Hal kedua berhubungan dengan keadaan orang tua. Banyak
dijumpai orang tua tidak berkemampuan dalam mengelola rumah tangganya,
menelantarkan kehidupan rumah tangganya sehingga tidak terjadi kondisi
yang berkesinambungan dan penuh konflik, atau memberi perlakuan secara
salah (ubuse) pada anggota keluarga lain, dan sebagainya merupakan
keluarga yang memiliki berbagai masalah. Jika mengerti dan berkeinginan
untuk membangun kehidupan keluarga yanag lebih stabil, mereka
membutuhkan konseling.
Perkembangan belakangan konseling keluarga
tidak hanya menangani dua hal tersebut. Permasalahan lain yang juga
ditangani karena anggota keluarga mengalami kondisi yang kurang
harmonis di dalam keluarga akibat stressor perubahan-perubahan budaya,
cara-cara baru dalam mengatur keluargannya, dan cara menghadapi dan
mendidik anak-anak mereka. Berdasarkan pengalaman dalam penanganan
konseling keluarga, masalah yang dihadapi dan dikonsultasikan kepada
konselor antara lain: keluarga dengan anak yang tidak patuh terhadap
harapan orangtua, konflik antar anggota keluarga, perpisahan diantara
anggota keluarga karena kerja di luar daerah dan anak yang mengalami
kesulitan belajar atau sosialisasi.
Berbagai
permasalahan-permasalahan keluarga tersebut dapat diselesaikan melalui
konseling keluarga. Konseling keluarga menjadi efektif untuk mengatasi
masalah-masalah tersebut jika semua anggota keluarga bersedia untuk
mengubah system keluarganya yang telah ada dengan cara-cara baru untuk
membantu mengatasi anggota keluarga yang bermasalah.
Sebagaimana di
kemukakan di bagian awal, konseling keluarga dalam beberapa hal memiliki
keuntungan.
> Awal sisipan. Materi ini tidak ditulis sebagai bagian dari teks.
(* Let $G$ be a finite simple graph on the vertex set $[d]=\{1,\dots,d\}$, let $k\ge 1$, and let $f,g$ be $k$-colorings of $G$. Then $f\sim_k g$ if and only if ${\bf x}_f-{\bf x}_g\in J_G$.
   Context: A $k$-coloring of a graph $H$ is a map $f:V(H)\to[k]$ (not necessarily surjective) with $f(u)\neq f(v)$ for every edge $\{u,v\}$ of $H$. Given a $k$-coloring $f$ of $H$ and colors $1\le i<j\le k$, let $C$ be a connected component of the induced subgraph $H[f^{-1}(i)\cup f^{-1}(j)]$; the coloring that agrees with $f$ outside $C$ and interchanges the colors $i$ and $j$ on $C$ is said to be obtained from $f$ by a Kempe switching. Two $k$-colorings $f,g$ of $H$ are Kempe equivalent, written $f\sim_k g$, if there is a finite sequence $f=f_0,f_1,\dots,f_s=g$ of $k$-colorings of $H$ with each $f_i$ obtained from $f_{i-1}$ by a Kempe switching. A stable set of $G$ is a subset $S\subseteq[d]$ containing no edge of $G$ (so $\emptyset$ and all singletons are stable); $S(G)$ denotes the set of stable sets. Let $\mathbb{K}$ be a field and $R[G]=\mathbb{K}[x_S : S\in S(G)]$ the polynomial ring with one variable of degree $1$ for each stable set. For a $k$-coloring $f$ of an induced subgraph $G[W]$ ($W\subseteq[d]$) put ${\bf x}_f=\prod_{\ell=1}^k x_{f^{-1}(\ell)}$ (each $f^{-1}(\ell)$ is a stable set, possibly empty). The $2$-coloring ideal $J_G\subseteq R[G]$ is the ideal generated by all ${\bf x}_f-{\bf x}_g$ where $f,g$ are $2$-colorings of the same induced subgraph $G[W]$ of $G$ (equivalently, by all $x_{S_1}x_{S_2}-x_{S_3}x_{S_4}$ with $S_i\in S(G)$, $S_1\cap S_2=S_3\cap S_4=\emptyset$ and $S_1\cup S_2=S_3\cup S_4$). *)

theory Defs
  imports Main "HOL-Library.Poly_Mapping" "HOL-Library.FuncSet"
begin

definition simple_graph :: "nat \<Rightarrow> nat set set \<Rightarrow> bool" where
  "simple_graph d E \<longleftrightarrow> (\<forall>e\<in>E. \<exists>u v. e = {u, v} \<and> u \<noteq> v \<and> u \<in> {1..d} \<and> v \<in> {1..d})"

definition coloring :: "nat set set \<Rightarrow> nat set \<Rightarrow> nat \<Rightarrow> (nat \<Rightarrow> nat) \<Rightarrow> bool" where
  "coloring E W k f \<longleftrightarrow> f \<in> W \<rightarrow>\<^sub>E {1..k} \<and>
     (\<forall>u\<in>W. \<forall>v\<in>W. {u, v} \<in> E \<longrightarrow> f u \<noteq> f v)"

definition component :: "nat set set \<Rightarrow> nat set \<Rightarrow> nat \<Rightarrow> nat set" where
  "component E U v = {u. (v, u) \<in> {(a, b). a \<in> U \<and> b \<in> U \<and> {a, b} \<in> E}\<^sup>*}"

definition is_component :: "nat set set \<Rightarrow> nat set \<Rightarrow> nat set \<Rightarrow> bool" where
  "is_component E U C \<longleftrightarrow> (\<exists>v\<in>U. C = component E U v)"

definition kempe_switch :: "nat \<Rightarrow> nat set set \<Rightarrow> nat \<Rightarrow> (nat \<Rightarrow> nat) \<Rightarrow> (nat \<Rightarrow> nat) \<Rightarrow> bool" where
  "kempe_switch d E k f g \<longleftrightarrow> coloring E {1..d} k f \<and> coloring E {1..d} k g \<and>
     (\<exists>i j C. 1 \<le> i \<and> i < j \<and> j \<le> k \<and>
        is_component E {v\<in>{1..d}. f v = i \<or> f v = j} C \<and>
        g = (\<lambda>v. if v \<in> C then (if f v = i then j else i) else f v))"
Namun demikian konseling keluarga juga memiliki beberapa
hambatan dalam pelaksanaannya, dan perlu dipertimbangkan oleh konselor
jika bermaksud melakukannya. Hambatan yang dimaksud di antarannya:
1.Tidak
semua anggota keluarga bersedia terlibat dalam proses konseling karena
mereka menganggap tidak berkepentingan dengan usaha ini, atau karena
alasan kesibukan, dan sebagainya; dan
2.Ada anggota keluarga yang
merasa kasulitan untuk menyampaikan perasaan dan sikapnya secara terbuka
dihadapan anggota keluarga lain, padahal konseling membutuhkan
keterbukaan ini dan saling percayaan satu sama lain.
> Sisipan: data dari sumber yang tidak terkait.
(* Let $H_1,H_2$ be Hilbert spaces, let $C\in\mathcal{B}(H_2,H_1)$ be a contraction, and let $T=\begin{bmatrix}I_{H_1} & C\\ C^* & I_{H_2}\end{bmatrix}$ on $H_1\oplus H_2$. Then $T\in\mathcal{AM}(H_1\oplus H_2)$ if and only if $C$ has finite rank.
   Context: Throughout, Hilbert spaces are complex, separable and infinite dimensional; $\mathcal{B}(H_1,H_2)$ denotes bounded linear operators. For $S\in\mathcal{B}(H_1,H_2)$ the minimum modulus is $m(S)=\inf\{\|Sx\|:\|x\|=1\}$; $S$ is minimum attaining if $\|Sx\|=m(S)$ for some unit vector $x$. $S$ is absolutely minimum attaining, written $S\in\mathcal{AM}(H_1,H_2)$, if for every nonzero closed subspace $M\subseteq H_1$ the restriction $S|_M$ is minimum attaining. *)

theory Defs
  imports "HOL-Analysis.Analysis"
begin

class complex_vector = real_vector +
  fixes scaleC :: "complex \<Rightarrow> 'a \<Rightarrow> 'a"
  assumes scaleC_add_right: "scaleC a (x + y) = scaleC a x + scaleC a y"
    and scaleC_add_left: "scaleC (a + b) x = scaleC a x + scaleC b x"
    and scaleC_scaleC: "scaleC a (scaleC b x) = scaleC (a * b) x"
    and scaleC_one: "scaleC 1 x = x"
    and scaleR_scaleC: "scaleR r x = scaleC (complex_of_real r) x"

class complex_normed_vector = complex_vector + real_normed_vector +
  assumes norm_scaleC: "norm (scaleC a x) = cmod a * norm x"

class complex_inner = complex_normed_vector +
  fixes cinner :: "'a \<Rightarrow> 'a \<Rightarrow> complex"
  assumes cinner_commute: "cinner x y = cnj (cinner y x)"
    and cinner_add_left: "cinner (x + y) z = cinner x z + cinner y z"
    and cinner_scaleC_left: "cinner (scaleC r x) y = cnj r * cinner x y"
    and cinner_pos: "Im (cinner x x) = 0 \<and> Re (cinner x x) \<ge> 0"
    and cinner_eq_zero_iff: "cinner x x = 0 \<longleftrightarrow> x = 0"
    and norm_eq_sqrt_cinner: "norm x = sqrt (Re (cinner x x))"

class chilbert_space = complex_inner + complete_space

text \<open>The direct sum \<open>H1 \<oplus> H2\<close> is the product type; its norm (from HOL-Analysis)
  is \<open>sqrt (norm x ^ 2 + norm y ^ 2)\<close>, the Hilbert direct-sum norm.\<close>
instantiation prod :: (complex_vector, complex_vector) complex_vector
begin
definition scaleC_prod_def: "scaleC a p = (scaleC a (fst p), scaleC a (snd p))"
instance
  by standard (auto simp: scaleC_prod_def scaleC_add_right scaleC_add_left
      scaleC_scaleC scaleC_one scaleR_scaleC scaleR_prod_def)
end

definition csubspace :: "'a::complex_vector set \<Rightarrow> bool" where
  "csubspace M \<longleftrightarrow> 0 \<in> M \<and> (\<forall>x\<in>M. \<forall>y\<in>M. x + y \<in> M) \<and> (\<forall>c. \<forall>x\<in>M. scaleC c x \<in> M)"

definition closed_csubspace :: "'a::{complex_vector, topological_space} set \<Rightarrow> bool" where
  "closed_csubspace M \<longleftrightarrow> csubspace M \<and> closed M"

definition cspan :: "'a::complex_vector set \<Rightarrow> 'a set" where
  "cspan S = {sum (\<lambda>v. scaleC (c v) v) F | F c. finite F \<and> F \<subseteq> S}"

definition clinear :: "('a::complex_vector \<Rightarrow> 'b::complex_vector) \<Rightarrow> bool" where
  "clinear f \<longleftrightarrow> (\<forall>x y. f (x + y) = f x + f y) \<and> (\<forall>c x. f (scaleC c x) = scaleC c (f x))"

definition bounded_clinear :: "('a::complex_normed_vector \<Rightarrow> 'b::complex_normed_vector) \<Rightarrow> bool" where
  "bounded_clinear f \<longleftrightarrow> clinear f \<and> (\<exists>K. \<forall>x. norm (f x) \<le> norm x * K)"

definition contraction :: "('a::complex_normed_vector \<Rightarrow> 'b::complex_normed_vector) \<Rightarrow> bool" where
  "contraction f \<longleftrightarrow> (\<forall>x. norm (f x) \<le> norm x)"

definition cadjoint :: "('a::complex_inner \<Rightarrow> 'b::complex_inner) \<Rightarrow> 'b \<Rightarrow> 'a" where
  "cadjoint C = (\<lambda>y. THE z. \<forall>x. cinner z x = cinner y (C x))"

definition finite_rank :: "('a \<Rightarrow> 'b::complex_vector) \<Rightarrow> bool" where
  "finite_rank C \<longleftrightarrow> (\<exists>F. finite F \<and> range C \<subseteq> cspan F)"

definition separable_space :: "'a::topological_space itself \<Rightarrow> bool" where
  "separable_space _ \<longleftrightarrow> (\<exists>D::'a set. countable D \<and> closure D = UNIV)"

definition infinite_dimensional :: "'a::complex_vector itself \<Rightarrow> bool" where
  "infinite_dimensional _ \<longleftrightarrow> \<not> (\<exists>F::'a set. finite F \<and> cspan F = UNIV)"

definition min_modulus_on :: "'a::real_normed_vector set \<Rightarrow> ('a \<Rightarrow> 'b::real_normed_vector) \<Rightarrow> real" where
  "min_modulus_on M S = Inf {norm (S x) | x. x \<in> M \<and> norm x = 1}"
B.Pendekatan Konseling Keluarga
Untuk
memahami mengapa suatu keluarga bermasalah dan bagaimana cara mengatasi
masalah-masalah keluarga tersebut, berikut akan dideskripsikan secara
singkat beberapa pendekatan konseling keluarga. Tiga pendekatan
konseling keluarga yang akan diuraikan berikut ini, yaitu pendekatan
system, conjoint, dan struktural.
1.Pendekatan Sistem Keluarga
Murray
Bowen merupakan peletek dasar konseling keluarga pendekatan sistem.
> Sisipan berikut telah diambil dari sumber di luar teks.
lemma trace_head:
  assumes inv: "trace_inv M cs m" and m0: "0 < m" and mn: "m \<le> n"
  shows "reaches_within barrier_prog 73 (\<lambda>M'. seek_inv M' cs m (reach_table_arg x r m (trace_col cs m))) (61, M) 12"
proof -
  obtain m' where mm: "m = Suc m'" using m0 gr0_implies_Suc by blast
  define cc where "cc = trace_col cs m"
  define k where "k = reach_table_arg x r m cc"
  define xa where "xa = 2 + int m'"
  define ra where "ra = 2 + N + int m'"
  define ya where "ya = 2 + 2 * N + int m'"
  define ia where "ia = cell cc m'"
  from inv have f: "M ONE = 1" "M STRIDE = stride" "M ZERO = 0" "M COUNT = int m' + 1"
    "M X_PTR = xa + 1"
    "M R_PTR = ra + 1" "M Y_PTR = ya + 1" "M CELL = ia + 2" "table_kept M cs" "input_kept M"
    "output_written M cs m"
    unfolding trace_inv_def xa_def ra_def ya_def ia_def cc_def mm
    by (auto simp: cell_Suc[symmetric])
  have cc: "cc \<le> cs" unfolding cc_def by (rule trace_col_le)
  have rd: "M (ia + 3) = int k" "M xa = x m'" "M ra = r m'"
  proof -
    have e: "ia + 3 = cell cc m + 1" unfolding ia_def mm cell_Suc[symmetric] by simp
    have "M (cell cc m + 1) = int k" using f(9) cc m0 mn unfolding table_kept_def k_def by simp
    then show "M (ia + 3) = int k" by (simp only: e)
    show "M xa = x m'" "M ra = r m'" using f(10) mn unfolding input_kept_def mm xa_def ra_def
      by auto
  qed
  have nn: "0 \<le> xa" "0 \<le> ra" "0 \<le> ya" "0 \<le> ia" unfolding xa_def ra_def ya_def ia_def by auto
  have rd2: "M (3 + ia) = int k" using rd(1) by (simp add: add.commute)
  have o: "output_written M cs (Suc m')" using f(11) mm by simp
  have eqs: "trace_col cs (Suc m') = cc" "reach_table_arg x r (Suc m') cc = k"
    unfolding cc_def k_def mm by simp_all
  have cnt: "int m' + 1 \<noteq> 0" by simp
  have t: "table_kept M' cs \<and> input_kept M' \<and> output_written M' cs m" if "\<forall>a. a \<ge> 0 \<longrightarrow> M' a = M a"
    for M'
  proof -
    have "table_kept M' cs" using f(9) that unfolding table_kept_def using cell_nonneg by simp
    moreover have "input_kept M'" using f(10) that unfolding input_kept_def by simp
    moreover have "output_written M' cs m" using f(11) that unfolding output_written_def by simp
    ultimately show ?thesis by blast
  qed
  show ?thesis
    apply ((rule reaches_within_here, simp add: seek_inv_def mm f o rd rd2 nn eqs table_kept_upd_neg input_kept_upd output_written_upd xa_def[symmetric] ra_def[symmetric] ya_def[symmetric] ia_def[symmetric])
        | rule conjI | rule impI
        | (rule reaches_within_step, simp_all add: barrier_prog_def f rd rd2 nn cnt reg_neq split: if_split))+
    done
qed

lemma seek_body:
  assumes inv: "seek_inv M cs m (Suc j)" and m0: "0 < m"
  shows "reaches_within barrier_prog 73 (\<lambda>M'. seek_inv M' cs m j) (73, M) 4"
proof -
  define cc where "cc = trace_col cs m"
  define k where "k = reach_table_arg x r m cc"
  define a1 where "a1 = cell (cc - (k - j)) (m - 1)"
  have kc: "k \<le> cc" unfolding k_def using reach_table_arg_le[OF m0] .
  from inv have jk: "Suc j \<le> k" unfolding seek_inv_def k_def cc_def by simp
  have ea: "cell (cc - (k - Suc j)) (m - 1) = a1 + stride"
  proof -
    have "cc - (k - Suc j) = Suc (cc - (k - j))" using jk kc by simp
    then show ?thesis unfolding a1_def cell_def by (simp add: algebra_simps)
  qed
  from inv have ia0: "M CELL = cell (cc - (k - Suc j)) (m - 1)" unfolding seek_inv_def k_def cc_def
    by blast
  from inv have f: "M ONE = 1" "M STRIDE = stride" "M TMP2 = int j + 1" "M CELL = a1 + stride"
    unfolding seek_inv_def k_def cc_def using ia0 ea by auto
  have j1: "int j + 1 \<noteq> 0" by simp
  have fin: "seek_inv (M(CELL := a1, TMP2 := int j)) cs m j"
    using inv jk unfolding seek_inv_def k_def cc_def a1_def
    by (simp add: table_kept_upd_neg input_kept_upd output_written_upd)
  show ?thesis
    apply ((rule reaches_within_here, simp add: fin)
        | rule conjI | rule impI
        | (rule reaches_within_step, simp_all add: barrier_prog_def f j1 split: if_split))+
    done
qed

lemma seek_exit:
  assumes inv: "seek_inv M cs m 0"
  shows "reaches_within barrier_prog 77 (\<lambda>M'. seek_inv M' cs m 0) (73, M) 1"
proof -
  from inv have f: "M TMP2 = 0" unfolding seek_inv_def by simp
  show ?thesis
    apply ((rule reaches_within_here, simp add: inv)
        | rule conjI | rule impI
        | (rule reaches_within_step, simp_all add: barrier_prog_def f split: if_split))+
    done
qed

lemma seek_loop: "seek_inv M cs m j \<Longrightarrow> 0 < m \<Longrightarrow>
  reaches_within barrier_prog 77 (\<lambda>M'. seek_inv M' cs m 0) (73, M) (4 * j + 1)"
proof (induction j arbitrary: M)
  case 0 then show ?case using seek_exit by simp
next
  case (Suc j)
  have "reaches_within barrier_prog 77 (\<lambda>M'. seek_inv M' cs m 0) (73, M) (4 + (4 * j + 1))"
    apply (rule reaches_within_trans[OF seek_body[OF Suc.prems]])
    using Suc.IH Suc.prems(2) by blast
  then show ?case by simp
qed

lemma trace_tail:
  assumes inv: "seek_inv M cs m 0" and m0: "0 < m" and mn: "m \<le> n"
  shows "reaches_within barrier_prog 61 (\<lambda>M'. trace_inv M' cs (m - 1)) (77, M) 12"
proof -
  obtain m' where mm: "m = Suc m'" using m0 gr0_implies_Suc by blast
  define cc where "cc = trace_col cs m"
  define k where "k = reach_table_arg x r m cc"
  define ya where "ya = 2 + 2 * N + int m'"
  define ia where "ia = cell (trace_col cs m') m'"
  define pv where "pv = reach_table x r m' (trace_col cs m')"
  have cstep: "trace_col cs m' = cc - k" using trace_col_pred[OF m0 mn] unfolding cc_def k_def mm
    by simp
  from inv have f: "M ONE = 1" "M STRIDE = stride" "M ZERO = 0" "M COUNT = int m'"
    "M X_PTR = 2 + int m'"
    "M R_PTR = 2 + N + int m'" "M Y_PTR = ya" "M SHIFT = int k" "M XI = x m'" "M RI = r m'"
     "M CELL = ia" "table_kept M cs" "input_kept M" "output_written M cs (Suc m')"
    unfolding seek_inv_def ya_def ia_def k_def cc_def mm
    by (auto simp: cstep[unfolded cc_def k_def mm])
  have rd: "M ia = pv"
  proof (cases "m' = 0")
    case True then show ?thesis using f(12) trace_col_le unfolding table_kept_def ia_def pv_def
      by simp
  next
    case False then show ?thesis using f(12) trace_col_le mn mm
      unfolding table_kept_def ia_def pv_def by simp
  qed
  have nn: "0 \<le> ya" "0 \<le> ia" unfolding ya_def ia_def by auto
  have yaTb: "ya < table_base" "2 + 2 * N \<le> ya" using mn mm unfolding ya_def table_base_def N_def
    by auto
  have yv: "trace_pos cs m' = extend_pos pv (int k) (x m') (r m')"
    unfolding trace_pos_def pv_def k_def cc_def mm by simp
  have fin: "trace_inv M' cs m'" if "\<forall>a. a \<noteq> ya \<longrightarrow> a \<ge> 0 \<longrightarrow> M' a = M a" "M' ONE = 1"
    "M' STRIDE = stride" "M' ZERO = 0"
    "M' COUNT = int m'" "M' X_PTR = 2 + int m'" "M' R_PTR = 2 + N + int m'" "M' Y_PTR = ya"
    "M' CELL = ia" "M' ya = trace_pos cs m'" for M'
  proof -
    have "table_kept M' cs" using f(12) that(1) yaTb cell_ge unfolding table_kept_def
      by (smt (verit) cell_nonneg)
    moreover have "input_kept M'" unfolding input_kept_def
    proof (intro allI impI conjI)
      fix i assume i: "i < n"
      then have "2 + int i < 2 + 2 * N" "2 + N + int i < 2 + 2 * N" by (auto simp: N_def)
      then have "2 + int i \<noteq> ya" "2 + N + int i \<noteq> ya" "0 \<le> 2 + int i" "0 \<le> 2 + N + int i"
        using yaTb by auto
      then show "M' (2 + int i) = x i" "M' (2 + N + int i) = r i" using that(1) f(13) i
        unfolding input_kept_def by auto
    qed
    moreover have "output_written M' cs m'" using f(14) that(1,10)
      unfolding output_written_def ya_def
      by (smt (verit) N_nonneg Suc_leI le_neq_implies_less of_nat_0_le_iff of_nat_eq_iff)
    ultimately show ?thesis unfolding trace_inv_def using that ia_def ya_def by simp
  qed
  show ?thesis
    apply ((rule reaches_within_here, simp add: mm, rule fin, simp_all add: f yv extend_pos_def reg_neq nn)
        | rule conjI | rule impI
        | (rule reaches_within_step, simp_all add: barrier_prog_def f rd nn reg_neq split: if_split))+
    done
qed

lemma trace_exit:
  assumes inv: "trace_inv M cs 0"
  shows "reaches_within barrier_prog 90 (\<lambda>M'. output_written M' cs 0) (61, M) 1"
proof -
  from inv have f: "M COUNT = 0" "output_written M cs 0" unfolding trace_inv_def by simp_all
  show ?thesis
    apply ((rule reaches_within_here, simp add: f)
        | rule conjI | rule impI
        | (rule reaches_within_step, simp_all add: barrier_prog_def f split: if_split))+
    done
qed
Menurutnya anggota keluarga itu bermasalah jika keluarga itu tidak
berfungsi (disfunctining family). Keadaan ini terjadi karena anggota
keluarga tidak dapat membebaskan dirinya dari peran dan harapan yang
mengatur dalam hubungan mereka.
Menurut Bowen, dalam keluarga
terdapat kekuatan yang dapat membuat anggota keluarga bersama-sama dan
kekuatan itu dapat pula membuat anggota keluarga melawan yang mengarah
pada individualitas. Sebagian anggota keluarga tidak dapat menghindari
sistem keluarga yang emosional yaitu yang mengarahkan anggota
keluarganya mengalami kesulitan (gangguan). Jika hendak menghindari dari
keadaan yang tidak fungsional itu, dia harus memisahkan diri dari
sistem keluarga. Dengan demikian dia harus membuat pilihan berdasarkan
rasionalitasnya bukan emosionalnya.
2.Pendekatan Conjoint
Sedangkan
menurut Sarti (1967) masalah yang dihadapi oleh anggota keluarga
berhubungan dengan harga diri (self-esteem) dan komunikasi. Menurutnya,
keluarga adalah fungsi penting bagi keperluan komunikasi dan kesehatan
mental. Masalah terjadijika self-esteem yang dibentuk oleh keluarga itu
sangat rendah dan komunikasi yang terjadi di keluarga itu juga tidak
baik. Satir mengemukakan pandangannya ini berangkat dari asumsi bahwa
anggota keluarga menjadi bermasalah jika tidak mampu melihat dan
mendengarkan keseluruhan yang dikomunikasikan anggota keluarga yang
lain.
3.Pendekatan Struktural
Minuchin (1974) beranggapan bahwa
masalah keluarga sering terjadi karena struktur kaluarga dan pola
transaksi yang dibangunn tidak tepat. Seringkali dalam membangun
struktur dan transaksi ini batas-batas antara subsistem dari sistem
keluarga itu tidak jelas.
Mengubah struktur dalam keluarga berarti
menyusun kembali keutuhan dan menyembuhkan perpecahan antara dan seputar
anggota keluarga. Oleh karena itu, jika dijumpai keluarga itu dengan
memperbaiki transaksi dan pola hubungan yang baru yang lebih sesuai.
Berbagai
pandangan para ahli tentang keluarga akan memperkaya pemahaman konselor
untuk melihat masalah apa yang sedang terjadi, apakah soal struktur,
pola komunikasi, atau batasan yang ada di keluarga, dan sebagainya.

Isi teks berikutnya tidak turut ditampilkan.